In 2015, decedent commenced an action in Orange County against respondent, among others, challenging respondent's acquisition of his stock in eight causes of action. As relevant here, those causes of action included one for breach of the pledge agreement for lack of notice of the stock sale (first cause of action), one for deprivation of decedent's alleged right to redeem the stock (second cause of action), and one for breach of fiduciary duty (fourth cause of action). Decedent died in 2016, as a resident of Sullivan County. His two children, petitioners herein, were appointed as coexecutors of his estate pursuant to decedent's last will and testament and were substituted as plaintiffs in the Orange County action. Decedent's wife having predeceased him, petitioners were also [*2]the main beneficiaries of the estate, apart from two nominal charitable bequests. Decedent's son, petitioner Keith Ingber, is also counsel for the estate.[FN3] In 2017, petitioners moved to amend their second amended complaint in the Orange County action to include a ninth cause of action, which sought a declaration that enforcement of the stock pledge agreement was time-barred and an order directing the return of decedent's stock. The parties then cross-moved for summary judgment. In 2018, Supreme Court (Onofry, J.) granted petitioners' motion to amend but also granted respondent's cross-motion for summary judgment dismissing petitioners' third amended complaint in full.

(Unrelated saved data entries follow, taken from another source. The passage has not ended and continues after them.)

(* Let $X$ and $Y$ be bounded degree graphs with $X$ amenable, and let $f\colon X\to Y$ be a quasi-isometry. If $f$ is both quasi-$k$-to-one and quasi-$k'$-to-one for some $k,k'>0$, then $k=k'$.
   Context: Graphs carry their path metric. For $A\subset Y$, $\partial_Y A$ is the set of vertices of $Y\setminus A$ adjacent to some vertex of $A$. For $k>0$, a quasi-isometry $f\colon X\to Y$ is quasi-$k$-to-one if there is $C>0$ with $\bigl|k|A|-|f^{-1}(A)|\bigr|\le C|\partial_Y A|$ for every finite $A\subset Y$. A bounded degree graph is amenable if it admits a Følner sequence, i.e. finite sets $F_n$ with $|\partial F_n|/|F_n|\to0$. *)

theory Defs
  imports "HOL-Analysis.Analysis"
begin

definition is_graph :: "'a set \<Rightarrow> ('a \<Rightarrow> 'a \<Rightarrow> bool) \<Rightarrow> bool" where
  "is_graph V E \<longleftrightarrow> (\<forall>x y. E x y \<longrightarrow> x \<in> V \<and> y \<in> V \<and> E y x \<and> x \<noteq> y)"

definition is_walk :: "('a \<Rightarrow> 'a \<Rightarrow> bool) \<Rightarrow> 'a list \<Rightarrow> bool" where
  "is_walk E xs \<longleftrightarrow> xs \<noteq> [] \<and> (\<forall>i. Suc i < length xs \<longrightarrow> E (xs ! i) (xs ! Suc i))"

definition graph_connected :: "'a set \<Rightarrow> ('a \<Rightarrow> 'a \<Rightarrow> bool) \<Rightarrow> bool" where
  "graph_connected V E \<longleftrightarrow>
     (\<forall>x\<in>V. \<forall>y\<in>V. \<exists>xs. is_walk E xs \<and> hd xs = x \<and> last xs = y)"

definition gdist :: "('a \<Rightarrow> 'a \<Rightarrow> bool) \<Rightarrow> 'a \<Rightarrow> 'a \<Rightarrow> nat" where
  "gdist E x y = (LEAST n. \<exists>xs. is_walk E xs \<and> hd xs = x \<and> last xs = y \<and> length xs = Suc n)"

text \<open>Bounded degree graph (connected, so the path metric is a genuine metric).\<close>

definition bounded_degree_graph :: "'a set \<Rightarrow> ('a \<Rightarrow> 'a \<Rightarrow> bool) \<Rightarrow> bool" where
  "bounded_degree_graph V E \<longleftrightarrow> is_graph V E \<and> graph_connected V E \<and>
     (\<exists>D::nat. \<forall>x\<in>V. finite {y. E x y} \<and> card {y. E x y} \<le> D)"

definition vboundary :: "'a set \<Rightarrow> ('a \<Rightarrow> 'a \<Rightarrow> bool) \<Rightarrow> 'a set \<Rightarrow> 'a set" where
  "vboundary V E A = {y \<in> V - A. \<exists>x\<in>A. E x y}"

definition amenable_graph :: "'a set \<Rightarrow> ('a \<Rightarrow> 'a \<Rightarrow> bool) \<Rightarrow> bool" where
  "amenable_graph V E \<longleftrightarrow> (\<exists>F :: nat \<Rightarrow> 'a set.
     (\<forall>n. finite (F n) \<and> F n \<noteq> {} \<and> F n \<subseteq> V) \<and>
     (\<lambda>n. real (card (vboundary V E (F n))) / real (card (F n))) \<longlonglongrightarrow> 0)"

definition quasi_isometry ::
  "'a set \<Rightarrow> ('a \<Rightarrow> 'a \<Rightarrow> bool) \<Rightarrow> 'b set \<Rightarrow> ('b \<Rightarrow> 'b \<Rightarrow> bool) \<Rightarrow> ('a \<Rightarrow> 'b) \<Rightarrow> bool" where
  "quasi_isometry VX EdX VY EdY f \<longleftrightarrow> f ` VX \<subseteq> VY \<and>
     (\<exists>K C::real. K \<ge> 1 \<and> C \<ge> 0 \<and>
        (\<forall>x\<in>VX. \<forall>x'\<in>VX.
           real (gdist EdY (f x) (f x')) \<le> K * real (gdist EdX x x') + C \<and>
           real (gdist EdX x x') \<le> K * real (gdist EdY (f x) (f x')) + C) \<and>
        (\<forall>y\<in>VY. \<exists>x\<in>VX. real (gdist EdY y (f x)) \<le> C))"
lemma fid_interval_strict_mono:
  assumes "x \<in> X" "0 < \<alpha>0" "\<alpha>0 < \<alpha>" "\<alpha> < 1"
  shows "fid_interval p \<Theta> X \<alpha> x \<subset> fid_interval p \<Theta> X \<alpha>0 x"
proof -
  let ?L = "\<lambda>\<alpha>. fid_theta_L p \<Theta> X \<alpha> x" and ?U = "\<lambda>\<alpha>. fid_theta_U p \<Theta> X \<alpha> x"
  have L: "?L \<alpha> \<le> ?L \<alpha>0" and U: "?U \<alpha>0 \<le> ?U \<alpha>"
    using fid_theta_L_antimono fid_theta_U_mono assms by auto
  then have subset: "fid_interval p \<Theta> X \<alpha> x \<subseteq> fid_interval p \<Theta> X \<alpha>0 x"
    unfolding fid_interval_def by (auto intro: order.strict_trans1 order.strict_trans2)
  have U_less_L: "?U \<alpha> < ?L \<alpha>"
    using fid_theta_U_less_L assms by auto
  obtain t where "t \<in> \<Theta>" "ereal t = ?L \<alpha> \<or> ereal t = ?U \<alpha>" "?U \<alpha>0 < ereal t" "ereal t < ?L \<alpha>0"
  proof (cases "x + 1 \<in> X")
    case True
    interpret decreasing_onto_unit_interval "\<lambda>\<theta>. left_tail p X \<theta> x" \<Theta>
      using decreasing_onto_left_tail assms(1) True .
    show ?thesis
      using that[of "left_tail_inv x (\<alpha> / 2)"] the_inv_into_mem assms True U U_less_L
        fid_theta_L_strict_antimono[OF assms(1) True assms(2-4)]
      by (simp add: fid_theta_L_eq)
  next
    case False
    then have "x - 1 \<in> X"
      using consecutive_neighbour[OF consecutive_X X_nontrivial assms(1)] by blast
    interpret decreasing_onto_unit_interval "\<lambda>\<theta>. left_tail p X \<theta> (x - 1)" \<Theta>
      using decreasing_onto_left_tail assms(1) \<open>x - 1 \<in> X\<close> by simp
    show ?thesis
      using that[of "left_tail_inv (x - 1) (1 - \<alpha> / 2)"] the_inv_into_mem assms \<open>x - 1 \<in> X\<close> L U_less_L
        fid_theta_U_strict_mono[OF assms(1) \<open>x - 1 \<in> X\<close> assms(2-4)]
      by (simp add: fid_theta_U_eq)
  qed
  then have "t \<in> fid_interval p \<Theta> X \<alpha>0 x - fid_interval p \<Theta> X \<alpha> x"
    by (auto simp: fid_interval_def)
  with subset show ?thesis
    by blast
qed
lemma fdim_min_face_lev_le_oblique_dirs:
  assumes j: "fdim F = enat j" and l: "fdim (min_face (\<Phi> p) (lev f (\<Phi> p))) = enat l"
    and v: "(v, s) \<in> two_sided_dirs (epi R) (p, rp)" "s \<noteq> 0"
    and z: "(z, \<sigma>) \<in> two_sided_dirs (epi f) (\<Phi> p, fp)" "\<sigma> \<noteq> 0"
  obtains d where "fdim (min_face p (lev R p)) = enat d" "d + l + 2 \<le> j + DIM('w)"
proof (cases "dim H + 2 \<le> DIM('w)")
  case True
  obtain d where d: "fdim (min_face p (lev R p)) = enat d" "d + l \<le> j + dim H"
    using fdim_min_face_lev_le[OF j l] by blast
  show ?thesis by (rule that[OF d(1)]) (use d(2) True in linarith)
next
  case False
  moreover have "H \<noteq> UNIV" using oblique_R_not_in_H[OF v] by blast
  ultimately have hyperplane: "dim H + 1 = DIM('w)" using dim_H_less by linarith
  obtain u where u: "u \<in> dir_space F" "u \<notin> U"
    using double_oblique_dir_outside_U[OF v z hyperplane] by blast
  have card_I: "card I + 1 \<le> j" if I: "finite I" "independent I" "I \<subseteq> {w \<in> U. \<Phi> w \<in> V}" for I
  proof -
    have "I \<subseteq> U" using I(3) by blast
    then have "span I \<subseteq> U" using subspace_U by (rule span_minimal)
    then have "u \<notin> span I" "u \<notin> I" using u(2) span_superset[of I] by blast+
    then have "independent (insert u I)" using I(2) by (simp add: independent_insert)
    moreover have "insert u I \<subseteq> dir_space F" using u(1) I(3) preimage_subset_dir_space by blast
    ultimately have "card (insert u I) \<le> j" using card_le_fdim[OF j] I(1) by blast
    then show ?thesis using card_insert_disjoint[OF I(1) \<open>u \<notin> I\<close>] by simp
  qed
  have "1 \<le> j" using card_I[of "{}"] by (simp add: independent_empty)
  have "card I \<le> j - 1" if "finite I" "independent I" "I \<subseteq> {w \<in> U. \<Phi> w \<in> V}" for I
    using card_I[OF that] by linarith
  then obtain d where d: "fdim (min_face p (lev R p)) = enat d" "d + l \<le> (j - 1) + dim H"
    using fdim_min_face_lev_le_preimage_bound[OF l] by blast
  show ?thesis by (rule that[OF d(1)]) (use d(2) hyperplane \<open>1 \<le> j\<close> in linarith)
qed

lemma oblique_hypo_two_sided_dir:
  assumes "\<forall>w. f w \<noteq> -\<infinity>" "oblique (\<Phi> p, rp) (hypo_diff (ereal (rp + fp)) f)"
  obtains z \<sigma> where "\<sigma> \<noteq> 0" "(z, \<sigma>) \<in> two_sided_dirs (epi f) (\<Phi> p, fp)"
proof -
  have "(\<Phi> p, rp) \<in> hypo_diff (ereal (rp + fp)) f"
    using hypo_diff_iff[of f "\<Phi> p" rp "rp + fp"] assms(1) p_epi(2) by simp
  then obtain z \<sigma> where z: "\<sigma> \<noteq> 0" "(z, \<sigma>) \<in> two_sided_dirs (hypo_diff (ereal (rp + fp)) f) (\<Phi> p, rp)"
    using oblique_two_sided_dir[OF convex_hypo_diff[OF f_conv assms(1)] _ assms(2)] by blast
  have "(z, - \<sigma>) \<in> two_sided_dirs (epi f) (\<Phi> p, rp + fp - rp)"
    by (rule two_sided_dirs_hypo_diff[OF assms(1) z(2)])
  then show ?thesis using that[of "- \<sigma>" z] z(1) by simp
qed

theorem fdim_min_face_lev_le_double_oblique:
  assumes "fdim F = enat j" "fdim (min_face (\<Phi> p) (lev f (\<Phi> p))) = enat l"
    and "\<forall>w. f w \<noteq> -\<infinity>" "oblique (p, rp) (epi R)" "oblique (\<Phi> p, rp) (hypo_diff (ereal (rp + fp)) f)"
  obtains d where "fdim (min_face p (lev R p)) = enat d" "d + l + 2 \<le> j + DIM('w)"
proof -
  obtain v s where v: "s \<noteq> 0" "(v, s) \<in> two_sided_dirs (epi R) (p, rp)"
    using oblique_two_sided_dir[OF convex_epi(1) p_epi(1) assms(4)] by blast
  obtain z \<sigma> where z: "\<sigma> \<noteq> 0" "(z, \<sigma>) \<in> two_sided_dirs (epi f) (\<Phi> p, fp)"
    using oblique_hypo_two_sided_dir[OF assms(3,5)] by blast
  show ?thesis using fdim_min_face_lev_le_oblique_dirs[OF assms(1,2) v(2,1) z(2,1)] that by blast
qed
(* Let $\rho$ be a primitive $k$th root of unity, $0\le a\le k-1$, $L\in\mathbb Z_{\ge1}$, $\delta>0$, $C>0$. For all $N\ge1$ and $z$ with $\mathrm{Re}(z)\le-\delta$, $|z|\le C$, $$-\chi_a(-z,N)=\sum_{\ell=0}^{L}\frac{(-1)^\ell}{\ell!}\Big(\frac{kz}{N}\Big)^{\ell-1}B_\ell(a/k)\,\mathrm{Li}_{2-\ell}(\rho^{-a}e^{z})+O\Big(\frac1{N^L}\Big),$$ with implied constant depending only on $L,k,\delta,C$.
   Context: For $\mathrm{Re}(w)>0$, $\chi_a(w,N):=\sum_{r\ge1}\frac{\rho^{-ra}}{r}\frac{e^{-rw}e^{raw/N}}{e^{krw/N}-1}$. Bernoulli polynomials: $ze^{\lambda z}/(e^z-1)=\sum B_n(\lambda)z^n/n!$. Polylogarithms $\mathrm{Li}_s(u)=\sum_{n\ge1}u^n/n^s$ for $|u|<1$. *)

theory Defs
  imports "HOL-Analysis.Analysis"
begin

definition primitive_root_of_unity :: "nat \<Rightarrow> complex \<Rightarrow> bool" where
  "primitive_root_of_unity k \<rho> \<longleftrightarrow> k \<ge> 1 \<and> \<rho> ^ k = 1 \<and> (\<forall>j. 0 < j \<and> j < k \<longrightarrow> \<rho> ^ j \<noteq> 1)"

definition bern_gen :: "complex \<Rightarrow> complex \<Rightarrow> complex" where
  "bern_gen lam z = (if z = 0 then 1 else z * exp (lam * z) / (exp z - 1))"

text \<open>Bernoulli polynomials: B_n(lambda) = n-th derivative at 0 of the generating function,
  i.e. z e^(lambda z)/(e^z-1) = sum B_n(lambda) z^n / n!.\<close>
definition bernpoly :: "nat \<Rightarrow> complex \<Rightarrow> complex" where
  "bernpoly n lam = (deriv ^^ n) (bern_gen lam) 0"

text \<open>Polylogarithm Li_s(u) = sum_{n>=1} u^n / n^s (integer order s, used for abs u < 1).\<close>
definition polylog :: "int \<Rightarrow> complex \<Rightarrow> complex" where
  "polylog s u = (\<Sum>n. u ^ Suc n / (of_nat (Suc n)) powi s)"

definition chi :: "nat \<Rightarrow> complex \<Rightarrow> nat \<Rightarrow> complex \<Rightarrow> nat \<Rightarrow> complex" where
  "chi k \<rho> a w N = (\<Sum>r. (let r' = of_nat (Suc r) :: complex in
      \<rho> powi (- (int (Suc r) * int a)) / r' * exp (- r' * w) * exp (r' * of_nat a * w / of_nat N)
        / (exp (of_nat k * r' * w / of_nat N) - 1)))"

end

theory Submission
  imports Defs "HOL-Complex_Analysis.Complex_Analysis"
begin

text \<open>Write G(lam, s) = s e^(lam s) / (e^s - 1) for the generating function of the Bernoulli
  polynomials, lam = a/k, t = kz/N and u = rho^(-a) e^z. Then chi_a(-z, N) is the series
  sum_r u^r/r * G(lam, -rt)/(-rt), and replacing G(lam, -) by its Taylor polynomial of degree L
  turns this series, once the finite sum over the Taylor coefficients is taken inside, into minus the
  polylogarithm expansion. All points -rt lie in the sector Re s >= (delta/C)|s|, where the Taylor
  remainder is O(|s|^(L+1)): near 0 by Cauchy's estimates, and far from 0 because there
  |G(lam, s)| <= (1 + 4C/delta)|s| as long as lam <= 1. Since |u| <= e^(-delta), the total error is
  at most a constant times |t|^L * sum_r r^(L-1) e^(-delta r), which is O(N^(-L)).\<close>

lemma summable_of_nat_power_mult_power:
  fixes x :: real
  assumes "\<bar>x\<bar> < 1"
  shows "summable (\<lambda>n. real n ^ m * x ^ n)"
  using assms
proof (induction m arbitrary: x)
  case 0
  then show ?case by (simp add: summable_geometric)
next
  case (Suc m)
  have "summable (\<lambda>n. diffs (\<lambda>n. real n ^ m) n * x ^ n)"
    by (rule termdiff_converges[where K = 1]) (use Suc in auto)
  then have "summable (\<lambda>n. x * (diffs (\<lambda>n. real n ^ m) n * x ^ n))"
    by (rule summable_mult)
  then have "summable (\<lambda>n. real (Suc n) ^ Suc m * x ^ Suc n)"
    by (simp add: diffs_def mult_ac)
  then show ?case by (rule summable_Suc_iff[THEN iffD1])
qed

lemma summable_Suc_power_mult_power:
  fixes x :: real
  assumes "\<bar>x\<bar> < 1"
  shows "summable (\<lambda>n. real (Suc n) ^ m * x ^ Suc n)"
  using summable_of_nat_power_mult_power[OF assms] by (rule summable_Suc_iff[THEN iffD2])

lemma polylog_summable:
  fixes u :: complex
  assumes "cmod u < 1"
  shows "summable (\<lambda>n. u ^ Suc n / of_nat (Suc n) powi s)"
proof (rule summable_norm_cancel, rule summable_comparison_test)
  show "summable (\<lambda>n. real (Suc n) ^ nat (- s) * cmod u ^ Suc n)"
    by (rule summable_Suc_power_mult_power) (use assms in simp)
  show "\<exists>N. \<forall>n\<ge>N. norm (norm (u ^ Suc n / of_nat (Suc n) powi s))
          \<le> real (Suc n) ^ nat (- s) * cmod u ^ Suc n"
  proof (intro exI allI impI)
    fix n :: nat
    have "1 / real (Suc n) powi s \<le> real (Suc n) ^ nat (- s)"
      by (cases "s \<ge> 0") (auto simp: power_int_def field_simps one_le_power simp del: of_nat_Suc)
    then have "cmod u ^ Suc n * (1 / real (Suc n) powi s) \<le> cmod u ^ Suc n * real (Suc n) ^ nat (- s)"
      by (rule mult_left_mono) simp
    then show "norm (norm (u ^ Suc n / of_nat (Suc n) powi s)) \<le> real (Suc n) ^ nat (- s) * cmod u ^ Suc n"
      by (simp add: norm_divide norm_mult norm_power norm_power_int mult.commute del: of_nat_Suc power_Suc)
  qed
qed

lemma exp_neq_1_if_norm_less_1:
  fixes z :: complex
  assumes "z \<noteq> 0" "cmod z < 1"
  shows "exp z \<noteq> 1"
proof
  assume "exp z = 1"
  then obtain n :: int where re: "Re z = 0" and im: "Im z = of_int (2 * n) * pi"
    by (auto simp: exp_eq_1)
  have "n \<noteq> 0" using assms(1) re im by (auto simp: complex_eq_iff)
  then have "\<bar>Im z\<bar> \<ge> 2 * pi" using im by (auto simp: abs_mult)
  moreover have "\<bar>Im z\<bar> \<le> cmod z" by (rule abs_Im_le_cmod)
  ultimately show False using assms(2) pi_gt3 by linarith
qed

lemma bern_gen_tendsto_1: "(bern_gen lam \<longlongrightarrow> 1) (at 0)"
proof -
  have "((\<lambda>y. exp (lam * y) / ((exp y - exp 0) / (y - 0))) \<longlongrightarrow> 1 / 1) (at 0)"
  proof (rule tendsto_divide)
    show "((\<lambda>y. exp (lam * y)) \<longlongrightarrow> 1) (at 0)"
      by (rule tendsto_eq_intros refl | simp)+
    show "((\<lambda>y. (exp y - exp 0) / (y - 0)) \<longlongrightarrow> (1::complex)) (at 0)"
      using DERIV_exp[of "0::complex"] unfolding has_field_derivative_iff by simp
  qed simp
  moreover have "eventually (\<lambda>y. exp (lam * y) / ((exp y - exp 0) / (y - 0)) = bern_gen lam y) (at 0)"
    unfolding eventually_at_filter by (auto simp: bern_gen_def)
  ultimately show ?thesis by (simp add: tendsto_cong)
qed

lemma bern_gen_holomorphic_on_ball: "bern_gen lam holomorphic_on ball 0 1"
proof (rule no_isolated_singularity'[where K = "{0}"])
  show "(bern_gen lam \<longlongrightarrow> bern_gen lam z) (at z within ball 0 1)" if "z \<in> {0}" for z
    using that bern_gen_tendsto_1[of lam] by (auto simp: bern_gen_def intro: tendsto_within_subset)
  have "(\<lambda>z. z * exp (lam * z) / (exp z - 1)) holomorphic_on (ball 0 1 - {0})"
    by (intro holomorphic_intros) (auto dest: exp_neq_1_if_norm_less_1)
  then show "bern_gen lam holomorphic_on (ball 0 1 - {0})"
    by (rule holomorphic_transform) (auto simp: bern_gen_def)
qed auto

definition bern_taylor :: "nat \<Rightarrow> complex \<Rightarrow> complex \<Rightarrow> complex" where
  "bern_taylor L lam s = (\<Sum>n\<le>L. bernpoly n lam / fact n * s ^ n)"

lemma bernpoly_over_fact_bound: "\<exists>B\<ge>0. \<forall>n. cmod (bernpoly n lam / fact n) \<le> B * 2 ^ n"
proof -
  have hol: "bern_gen lam holomorphic_on ball 0 1" by (rule bern_gen_holomorphic_on_ball)
  have cont: "continuous_on (cball 0 (1/2)) (bern_gen lam)"
    by (rule holomorphic_on_imp_continuous_on, rule holomorphic_on_subset[OF hol]) auto
  obtain B where B: "\<And>x. x \<in> cball 0 (1/2) \<Longrightarrow> cmod (bern_gen lam x) \<le> B"
    using compact_imp_bounded[OF compact_continuous_image[OF cont compact_cball]]
    unfolding bounded_iff by (metis (no_types, lifting) image_eqI)
  have "cmod (bernpoly n lam / fact n) \<le> B * 2 ^ n" for n
  proof -
    have "cmod ((deriv ^^ n) (bern_gen lam) 0) \<le> fact n * B / (1/2) ^ n"
      by (rule Cauchy_inequality[OF holomorphic_on_subset[OF hol] cont])
         (auto intro!: B simp: dist_norm)
    then show ?thesis
      by (simp add: bernpoly_def norm_divide field_simps power_divide)
  qed
  moreover have "B \<ge> 0" using B[of 0] by (auto intro: order_trans[OF norm_ge_zero])
  ultimately show ?thesis by blast
qed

While an appeal from the Orange County order was pending, petitioners commenced this probate proceeding in Sullivan County. Respondent accordingly filed a claim against decedent's estate for the amount then due and owing on the LLC's deficiency judgment ($121,323.06), as well as the remaining balances on three personal loans that decedent received during his lifetime ($87,809.25), for a total of $209,132.31. Petitioners moved to dismiss the claim or, in the alternative, for a stay pending the outcome of the appeal in the Orange County action. In July 2019, Surrogate's Court (LaBuda, S.) found respondent's claim against the estate to be valid and enforceable based upon the documentation submitted and rejected petitioners' efforts to collaterally attack the delinquency judgment and the Orange County order through this probate proceeding. The court nonetheless granted petitioners leave to move for an amended judicial settlement should the Second Department reverse the Orange County order. Petitioners subsequently rejected an offer by respondent to settle respondent's claim against the estate for the value of the personal loan balances in exchange for discontinuance of the Orange County action and mutual releases. In December 2020, this Court upheld respondent's claim against the estate, recognizing that Surrogate's Court would entertain amendment of the accounting if there was a reversal of the order pending appeal before the Second Department (189 AD3d 1933, 1936-1937 [3d Dept 2020]).

In February 2021, the Second Department modified the Orange County order, reversing the grant of summary judgment to respondent as to certain causes of actions (Ingber v Martinez, 191 AD3d 959, 961-962 [2d Dept 2021]). Because hearsay evidence lacking a proper foundation was the only proof offered to establish that respondent conducted the transfer of decedent's stock in accordance with the pledge agreement, the Second Department found that respondent failed to establish prima facie entitlement to summary judgment dismissing petitioners' first and second causes of action (id.). Given the same issue with the proof, the Second Department also reversed the grant of summary judgment dismissing petitioners' ninth cause of action to the extent that it essentially declared that respondent was not obligated to [*3]return the stock to the estate, while rejecting any argument that respondent failed to timely commence an action to enforce the guaranty and stock pledge agreement (id.). The Second Department also reinstated petitioners' fourth cause of action, alleging breach of fiduciary duty based upon the doctrine of collateral estoppel, as decedent/petitioners were not parties to the foreclosure action (id. at 962).